I paid $170 at Nissan to update 01 PF software.. this update got rid of the catalyst efficiency codes.


----------



## DFleming32 (Dec 5, 2007)

I did find the service bulletin and brought that to the attention of the dealer a few weeks ago. The service advisor insisted that it did not apply (even after I told him that it specifically stated "Do not replace catalytic converters"). He said that they did update the ECM software and it was still throwing the codes. 

Something told me that he was full of it, so I took the vehicle to another dealership in town earlier this week and told them to upgrade the ECM. The light has been off and it looks like the reprogram took care of the problem. They did the reprogram for $85.

And yes, I'm contacting Nissan consumer affairs to report the dealership and service advisor (not sure if it will do any good). 

Thanks everyone for the advice.


----------



## blitZ (Oct 7, 2004)

That's interesting. Last time I was at the $tealership, I asked if there was a firmware upgrade for my truck. They said there wasn't.


----------



## jnritter (Jun 11, 2008)

*Frustrated with the CatCon and ECM*



smj999smj said:


> ...
> 
> The purpose of the updated ECM program is that the parameters for judging the catalyst efficiency have been widened in the new program....

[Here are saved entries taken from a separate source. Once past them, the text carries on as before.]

(* Let $(S,d)$ be a complete metric space with a Hausdorff topology $\sigma$ compatible with $d$, let $\phi,\phi_\epsilon:S\to(-\infty,+\infty]$ ($\epsilon>0$) and $\epsilon(\tau)>0$ with $\epsilon(\tau)\to0$ as $\tau\to0$, and suppose $\phi,(\phi_\epsilon)$ satisfy (A1), (A2), and (A3) with this choice $\epsilon(\tau)$ (see context). Let $r(\epsilon)>0$ with $r(\epsilon)\uparrow+\infty$ as $\epsilon\to0$, fix $u_{\star\star}\in S$, and set $\tilde\phi_\epsilon=\phi_\epsilon+\mathbb{I}_{\{d(u_{\star\star},\cdot)\le r(\epsilon)\}}$, where $\mathbb{I}_V=0$ on $V$ and $+\infty$ on $S\setminus V$. Then $\phi,(\tilde\phi_\epsilon)_{\epsilon>0}$ also satisfy (A1), (A2), and (A3) with the same choice $\epsilon(\tau)$.
   Context: $\sigma$ compatible with $d$: if $u_n\stackrel{\sigma}{\rightharpoonup}u$, $v_n\stackrel{\sigma}{\rightharpoonup}v$ then $\liminf_n d(u_n,v_n)\ge d(u,v)$; if $d(u_n,v_n)\to0$ and $u_n\stackrel{\sigma}{\rightharpoonup}u$ then $v_n\stackrel{\sigma}{\rightharpoonup}u$. Local slope $|\partial\phi|(v)=\limsup_{w\stackrel{d}{\to}v}\frac{(\phi(v)-\phi(w))^+}{d(v,w)}$; relaxed slope $|\partial^-\phi|(u)=\inf\{\liminf_n|\partial\phi|(u_n): u_n\stackrel{\sigma}{\rightharpoonup}u,\ \sup_n\{d(u_n,u),\phi(u_n)\}<+\infty\}$; $\mathcal{Y}_\tau f(u)=\inf_{v}\{f(v)+\frac1{2\tau}d^2(v,u)\}$. For a family $(f_\epsilon)$: (A1) there exist $A,B>0,u_\star$ with $f_\epsilon\ge-A-Bd^2(\cdot,u_\star)$ for all $\epsilon$, and for $\epsilon_n\to0$, $\sup_{n,m}\{f_{\epsilon_n}(u_n),d(u_n,u_m)\}<\infty$ implies a $\sigma$-convergent subsequence; (A2) for $\epsilon_n\to0$, $\sup_{n,m}d(u_n,u_m)<\infty$ and $u_n\stackrel{\sigma}{\rightharpoonup}u$ imply $\liminf_n f_{\epsilon_n}(u_n)\ge\phi(u)$; (A3) for all $u_\tau\stackrel{\sigma}{\rightharpoonup}u$ with $\sup_\tau\{f_{\epsilon(\tau)}(u_\tau),d(u_\tau,u)\}<\infty$, $\liminf_{\tau\to0}\frac{f_{\epsilon(\tau)}(u_\tau)-\mathcal{Y}_\tau f_{\epsilon(\tau)}(u_\tau)}{\tau}\ge\frac12|\partial^-\phi|^2(u)$. *)

theory Defs
  imports "HOL-Analysis.Analysis"
begin

text \<open>The metric space (S,d) is the type 'a of class complete_space with d = dist;
  the second (Hausdorff) topology sigma is an abstract topology on 'a.\<close>

definition compatible :: "'a::metric_space topology \<Rightarrow> bool" where
  "compatible \<sigma> \<longleftrightarrow>
     (\<forall>us vs u v. limitin \<sigma> us u sequentially \<and> limitin \<sigma> vs v sequentially \<longrightarrow>
        liminf (\<lambda>n. ereal (dist (us n) (vs n))) \<ge> ereal (dist u v)) \<and>
     (\<forall>us vs u. (\<lambda>n. dist (us n) (vs n)) \<longlonglongrightarrow> 0 \<and> limitin \<sigma> us u sequentially \<longrightarrow>
        limitin \<sigma> vs u sequentially)"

I have an '01 QX4 and took it to my regular mechanic to see what he thought the Service Engine Light was referring to. He told me my catalytic converter needed to be replaced. Lucky for me, it was within my extended warranty.

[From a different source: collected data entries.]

theorem lemma5p3:
  fixes X Y :: "'a::euclidean_space set"
    and c :: "'a \<Rightarrow> 'a \<Rightarrow> real"
    and Dx Dy :: "'a \<Rightarrow> 'a \<Rightarrow> 'a"
    and Dxy Dyx :: "'a \<Rightarrow> 'a \<Rightarrow> ('a \<Rightarrow>\<^sub>L 'a)"
  assumes X: "compact X" "interior X \<noteq> {}"
    and Y: "compact Y" "interior Y \<noteq> {}"
    and c_cont: "continuous_on (X \<times> Y) (\<lambda>z. c (fst z) (snd z))"
    and Dx: "\<And>x y. x \<in> X \<Longrightarrow> y \<in> Y \<Longrightarrow>
               ((\<lambda>x'. c x' y) has_derivative (\<lambda>h. Dx x y \<bullet> h)) (at x within X)"
    and Dy: "\<And>x y. x \<in> X \<Longrightarrow> y \<in> Y \<Longrightarrow>
               ((\<lambda>y'. c x y') has_derivative (\<lambda>h. Dy x y \<bullet> h)) (at y within Y)"
    and Dx_cont: "continuous_on (X \<times> Y) (\<lambda>z. Dx (fst z) (snd z))"
    and Dy_cont: "continuous_on (X \<times> Y) (\<lambda>z. Dy (fst z) (snd z))"
    and Dxy: "\<And>x y. x \<in> X \<Longrightarrow> y \<in> Y \<Longrightarrow>
               ((\<lambda>y'. Dx x y') has_derivative blinfun_apply (Dxy x y)) (at y within Y)"
    and Dyx: "\<And>x y. x \<in> X \<Longrightarrow> y \<in> Y \<Longrightarrow>
               ((\<lambda>x'. Dy x' y) has_derivative blinfun_apply (Dyx x y)) (at x within X)"
    and Dxy_cont: "continuous_on (X \<times> Y) (\<lambda>z. Dxy (fst z) (snd z))"
    and Dyx_cont: "continuous_on (X \<times> Y) (\<lambda>z. Dyx (fst z) (snd z))"
    and transp: "\<And>x y u v. x \<in> X \<Longrightarrow> y \<in> Y \<Longrightarrow> Dxy x y u \<bullet> v = u \<bullet> Dyx x y v"
    and twist_x: "\<And>x. x \<in> X \<Longrightarrow> inj_on (\<lambda>y. - Dx x y) Y"
    and twist_y: "\<And>y. y \<in> Y \<Longrightarrow> inj_on (\<lambda>x. - Dy x y) X"
    and nondeg: "\<And>x y. x \<in> X \<Longrightarrow> y \<in> Y \<Longrightarrow> bij (blinfun_apply (Dxy x y))"
    and convX: "\<And>y. y \<in> Y \<Longrightarrow> convex ((\<lambda>x. - Dy x y) ` X)"
    and convY: "\<And>x. x \<in> X \<Longrightarrow> convex ((\<lambda>y. - Dx x y) ` Y)"
    and not_loeper: "\<not> loeper c Dy X Y"
  shows "\<exists>y0 y1 x0 x1 h1' t0.
           y0 \<in> interior Y \<and> y1 \<in> interior Y \<and> x0 \<in> interior X \<and> x1 \<in> interior X \<and>
           t0 \<in> {0<..<1::real} \<and>
           (let xt0 = cexp Dy X y0 (t0 *\<^sub>R (- Dy x1 y0) + (1 - t0) *\<^sub>R (- Dy x0 y0))
            in - c x0 y1 + h1' < - c x0 y0 \<and> - c x1 y1 + h1' < - c x1 y0 \<and>
               - c xt0 y1 + h1' > - c xt0 y0)"
proof -
  from not_loeper obtain a0 a1 b0 b t where
    ab: "a0 \<in> X" "a1 \<in> X" "b0 \<in> Y" "b \<in> Y" "t \<in> {0..1}"
    and pos: "loeper_defect c Dy X t a0 a1 b0 b > 0"
    unfolding loeper_iff_defect_nonpos by (auto simp: not_le)
  with loeper_defect_endpoints_nonpos[of Dy b0 X a0 a1 c b] twist_y[OF ab(3)]
  have t: "t \<in> {0<..<1}"
    by (cases "t = 0 \<or> t = 1") auto
  have "continuous_on X (\<lambda>x. - Dy x b0)" "continuous_on Y (\<lambda>y. - Dx a0 y)"
    using continuous_on_compose_curried[OF Dy_cont, of X "\<lambda>x. x" "\<lambda>_. b0"]
      continuous_on_compose_curried[OF Dx_cont, of Y "\<lambda>_. a0" "\<lambda>y. y"] ab
    by (auto intro!: continuous_on_minus simp: image_subset_iff)
  then have "closure (interior X) = X" "closure (interior Y) = Y"
    using closure_interior_eq_of_inj_convex_image X Y
      twist_y[OF ab(3)] convX[OF ab(3)] twist_x[OF ab(1)] convY[OF ab(1)]
    by auto
  then have closure_int: "closure (interior (X \<times> X \<times> Y \<times> Y)) = X \<times> X \<times> Y \<times> Y"
    by (simp add: interior_Times closure_Times)
  have defect_cont: "continuous_on (X \<times> X \<times> Y \<times> Y)
      (\<lambda>(x0, x1, y0, y). loeper_defect c Dy X t x0 x1 y0 y)"
    using continuous_on_loeper_defect[OF X(1) Y(1) ab(5) c_cont Dy_cont twist_y convX] .
  obtain z where "z \<in> interior (X \<times> X \<times> Y \<times> Y)"
    and "(\<lambda>(x0, x1, y0, y). loeper_defect c Dy X t x0 x1 y0 y) z > 0"
    by (rule continuous_on_pos_at_interior_point[OF defect_cont, of "(a0, a1, b0, b)"])
      (use ab pos closure_int in auto)
  moreover obtain x0 x1 y0 y1 where "z = (x0, x1, y0, y1)"
    by (cases z) auto
  ultimately show ?thesis
    using separating_level_of_loeper_defect_pos t
    by (fastforce simp: interior_Times)
qed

So I take it to the dealership, and they tell me that I must first update the ECM before they can replace the catalytic converter. Of course, this is not covered by the warranty and costs $225. So I assumed that the update of the ECM loosened the standards for "Acceptable." The service rep wouldn't really elaborate, other than the fact that they were not permitted to change the catcon without doing this first. And since I need to get the work done at a dealership to fall under warranty, it sounds like I'm stuck.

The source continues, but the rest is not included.